O cruel souvenir de ma gloire passée!

2h36. Je n’ai pas réalisé mon objectif de 2h30. Le vainqueur a lui fini en 1h00mn16s. Même pas descendu sous l’heure. Nul.

Il faut dire que je n’avais pas beaucoup d’expérience: j’avais couru mon dernier semi-marathon il y a plus de trente ans. Ni beaucoup d’entrainement. J’ai beau pratiquer boxe et marche rapide, rien ne m’avait préparé à un terrible dernier kilomètre. Soif au 18ème kilomètre, crampes à la cuisse gauche au 19ème, et à la droite au 20ème, je crois que j’ai fini en poussant des cris de douleur… C’est long 21 kilomètres.

Le dernier kilomètre

Le dernier kilomètre

Mais quelle journée glorieuse que ce semi-marathon de Paris!

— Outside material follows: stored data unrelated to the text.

(* Let $x_0\in\mathbb R^N$, $t_0>0$, and let $u$ be a $C^2$-solution of $(L_k-\partial_t^2)u=0$ ($L_k$ acting in $x$) defined in the cone $C(x_0,t_0)=\{(x,t)\in\mathbb R^N\times[0,\infty):|x-x_0|\le t_0-t\}$, satisfying $u(x,0)=u_t(x,0)=0$ for all $x$ with $|x-x_0|\le t_0$. Then $u$ vanishes identically in $C(x_0,t_0)$.
   Context: Let $R\subset\mathbb R^N$ be a reduced root system normalized by $\langle\alpha,\alpha\rangle=2$, $R_+$ a positive subsystem, and $k:R\to[0,\infty)$ a multiplicity function invariant under the reflection group of $R$. $w_k(x)=\prod_{\alpha\in R_+}|\langle\alpha,x\rangle|^{2k(\alpha)}$. $L_k$ is the operator $L_kf(x)=\Delta f(x)+2\sum_{\alpha\in R_+}k(\alpha)\frac{\langle\nabla f(x),\alpha\rangle}{\langle\alpha,x\rangle}$, equivalently $L_k=\frac1{w_k}\sum_{i=1}^N\partial_{x_i}(w_k\partial_{x_i})$. *)

theory Defs
  imports "HOL-Analysis.Analysis"
begin

definition refl_root :: "'a::euclidean_space \<Rightarrow> 'a \<Rightarrow> 'a" where
  "refl_root \<alpha> x = x - ((2 * (\<alpha> \<bullet> x)) / (\<alpha> \<bullet> \<alpha>)) *\<^sub>R \<alpha>"

definition normalized_reduced_root_system :: "'a::euclidean_space set \<Rightarrow> bool" where
  "normalized_reduced_root_system R \<longleftrightarrow>
     finite R \<and> 0 \<notin> R \<and>
     (\<forall>\<alpha>\<in>R. \<forall>\<beta>\<in>R. refl_root \<alpha> \<beta> \<in> R) \<and>
     (\<forall>\<alpha>\<in>R. \<forall>c::real. c *\<^sub>R \<alpha> \<in> R \<longrightarrow> c = 1 \<or> c = -1) \<and>
     (\<forall>\<alpha>\<in>R. \<alpha> \<bullet> \<alpha> = 2)"

definition positive_subsystem :: "'a::euclidean_space set \<Rightarrow> 'a set \<Rightarrow> bool" where
  "positive_subsystem R Rp \<longleftrightarrow>
     (\<exists>\<beta>. (\<forall>\<alpha>\<in>R. \<alpha> \<bullet> \<beta> \<noteq> 0) \<and> Rp = {\<alpha>\<in>R. \<alpha> \<bullet> \<beta> > 0})"

inductive_set reflection_group :: "'a::euclidean_space set \<Rightarrow> ('a \<Rightarrow> 'a) set"
  for R :: "'a set" where
  id_in: "id \<in> reflection_group R"
| refl_comp: "\<alpha> \<in> R \<Longrightarrow> g \<in> reflection_group R \<Longrightarrow> refl_root \<alpha> \<circ> g \<in> reflection_group R"

definition multiplicity_function :: "'a::euclidean_space set \<Rightarrow> ('a \<Rightarrow> real) \<Rightarrow> bool" where
  "multiplicity_function R k \<longleftrightarrow>
     (\<forall>\<alpha>\<in>R. k \<alpha> \<ge> 0) \<and>
     (\<forall>g\<in>reflection_group R. \<forall>\<alpha>\<in>R. k (g \<alpha>) = k \<alpha>)"

definition light_cone :: "'a::euclidean_space \<Rightarrow> real \<Rightarrow> ('a \<times> real) set" where
  "light_cone x0 t0 = {(x, t). 0 \<le> t \<and> norm (x - x0) \<le> t0 - t}"

text \<open>(L_k - d_t^2) u at p = (x,t), expressed through the first and second
  Frechet derivatives Du p, D2u p of u (in all variables (x,t)).\<close>
definition dunkl_wave_op ::
  "'a::euclidean_space set \<Rightarrow> ('a \<Rightarrow> real) \<Rightarrow>
   (('a \<times> real) \<Rightarrow> ('a \<times> real) \<Rightarrow>\<^sub>L real) \<Rightarrow>
   (('a \<times> real) \<Rightarrow> ('a \<times> real) \<Rightarrow>\<^sub>L (('a \<times> real) \<Rightarrow>\<^sub>L real)) \<Rightarrow>
   ('a \<times> real) \<Rightarrow> real" where
  "dunkl_wave_op Rp k Du D2u p =
     (\<Sum>b\<in>Basis. D2u p (b, 0) (b, 0))
     + 2 * (\<Sum>\<alpha>\<in>Rp. k \<alpha> * Du p (\<alpha>, 0) / (\<alpha> \<bullet> fst p))
     - D2u p (0, 1) (0, 1)"

end

theory Submission
  imports Defs
begin

text \<open>Energy method. For \<open>\<epsilon> > 0\<close> let \<open>w\<^sub>\<epsilon>(x) = \<Prod>\<^sub>\<alpha> ((\<alpha> \<bullet> x)\<^sup>2 + \<epsilon>)\<^bsup>k \<alpha>\<^esup>\<close>, a
  smooth positive approximation of the Dunkl weight \<open>w\<^sub>k\<close>, and let \<open>\<psi> = (max (s - \<delta>) 0)\<^sup>2\<close>
  with \<open>s = (t\<^sub>0 - t)\<^sup>2 - \<bar>x - x\<^sub>0\<bar>\<^sup>2\<close>, a \<open>C\<^sup>1\<close> cut-off supported strictly inside the cone.
  The energy \<open>E(t) = \<integral> \<psi> w\<^sub>\<epsilon> (u\<^sub>t\<^sup>2 + \<bar>\<nabla>\<^sub>x u\<bar>\<^sup>2) dx\<close> vanishes at \<open>t = 0\<close>. Using the
  equation off the root hyperplanes and integrating the flux terms by parts,
  \<open>E'(t) \<le> C \<integral> \<Sum>\<^sub>\<alpha> \<epsilon> / ((\<alpha> \<bullet> x)\<^sup>2 + \<epsilon>) dx\<close>: the cut-off contributes a non-positive term
  because the cone is characteristic, and \<open>C\<close> does not depend on \<open>\<epsilon>\<close> because
  \<open>k \<alpha> \<partial>\<^sub>\<alpha>u / (\<alpha> \<bullet> x)\<close> stays bounded, the equation forcing \<open>\<partial>\<^sub>\<alpha>u\<close> to vanish on the
  hyperplane \<open>\<alpha> \<bullet> x = 0\<close> whenever \<open>k \<alpha> \<noteq> 0\<close>. As \<open>\<epsilon> \<rightarrow> 0\<close> the right-hand side tends to
  zero by dominated convergence, whereas \<open>w\<^sub>\<epsilon> \<ge> w\<^sub>k\<close> keeps the energy away from zero near
  any regular point where \<open>u\<^sub>t \<noteq> 0\<close>. Hence \<open>u\<^sub>t = 0\<close> in the cone, and \<open>u = 0\<close> because
  \<open>u\<close> vanishes at \<open>t = 0\<close>.\<close>

section \<open>Calculus and integration\<close>

lemma has_derivative_blinfun_apply_const:
  fixes F :: "'a::real_normed_vector \<Rightarrow> 'b::real_normed_vector \<Rightarrow>\<^sub>L 'c::real_normed_vector"
  assumes "(F has_derivative blinfun_apply D) (at q within S)"
  shows "((\<lambda>q. F q v) has_derivative (\<lambda>h. D h v)) (at q within S)"
  using blinfun.FDERIV[OF assms has_derivative_const[of v]] by simp

lemma has_real_derivative_along_line:
  fixes f :: "'a::real_normed_vector \<Rightarrow> real"
  assumes "(f has_derivative f') (at (a + r *\<^sub>R h) within S)" "\<And>s. s \<in> X \<Longrightarrow> a + s *\<^sub>R h \<in> S"
  shows "((\<lambda>s. f (a + s *\<^sub>R h)) has_real_derivative f' h) (at r within X)"
proof -
  have line: "((\<lambda>s. a + s *\<^sub>R h) has_derivative (\<lambda>s. s *\<^sub>R h)) (at r within X)"
    by (auto intro!: derivative_eq_intros)
  have "(f has_derivative f') (at (a + r *\<^sub>R h) within (\<lambda>s. a + s *\<^sub>R h) ` X)"
    by (rule has_derivative_subset[OF assms(1)]) (use assms(2) in auto)
  from diff_chain_within[OF line this]
  have "((\<lambda>s. f (a + s *\<^sub>R h)) has_derivative (\<lambda>s. f' (s *\<^sub>R h))) (at r within X)"
    by (simp add: o_def)
  moreover have "(\<lambda>s. f' (s *\<^sub>R h)) = (*) (f' h)"
    using has_derivative_linear[OF assms(1)] by (auto simp: linear_scale)
  ultimately show ?thesis unfolding has_field_derivative_def by simp
qed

Nous avons déjà levé plus de 15.000 euros pour financer des bourses étudiantes. Il ne faut pas relâcher notre effort. On peut continuer à donner, par exemple ici:

http://semimarathondeparis-fondationescpeurope.alvarum.com/laurentsachs

L’équipe Fondation ESCP Europe s’était donné rendez-vous à deux pas du Château de Vincennes. On admirera ici deux des champions avant le départ (avec Frank Bournois, Directeur Général d’ESCP Europe). Frank et moi avions décidé de partir ensemble, mais nous avons été séparés au franchissement de la ligne. Ne l’ayant jamais revu, j’en avais déduit qu’il avait fini derrière moi. En fait, il m’a devancé de 22 minutes!

Frank Bournois et Laurent Sachs

Frank Bournois et Laurent Sachs

Je rentre de cette course ébloui.

Par l’énergie positive et bienveillante des coureurs, d’abord. Nous étions 35.314 au départ, à aucun moment je n’ai ressenti la moindre tension, la moindre bousculade. Beaucoup de respect. Par les parisiens ensuite. Encouragé tout au long du parcours par des milliers de spectateurs, j’ai apprécié leur profonde gentillesse. Par la beauté de Paris, aussi. Ceux qui me connaissent savent combien je suis amoureux de cette ville. J’y vis un émerveillement permanent. Mais je dois dire qu’au moment où contournant l’Hôtel de Ville, je me suis retrouvé face au passage du fleuve entre les deux îles, le soleil dans les yeux n’était qu’en partie responsable de mon éblouissement.

Sur 34.879 concurrents classés à l’arrivée, un tiers étaient des femmes (moyenne d’âge 34 ans), dont le temps moyen a été 2h12mn, soit 16 minutes de plus que les hommes (moyenne d’âge 37 ans). Arrivé 33.249ème (ma vitesse moyenne a été 8,07 km/h), j’ai donc passé le plus clair de ma course à être dépassé par des milliers de coureurs (et surtout de coureuses, en fait). Les hommes et femmes participant à la course n’étaient pas un échantillon représentatif de la population, mais j’ai pu ressentir quelque chose de l’ordre du mens sana in corpore sano. L’alignement tête-coeur-corps c’est important, et je sais bien qu’en tant que coach mon corps est une partie essentielle de mon outil de travail. Bref, le sport c’est vraiment bien.

Merci à toute l’équipe ESCP Europe de m’avoir permis de partager ce moment de communion.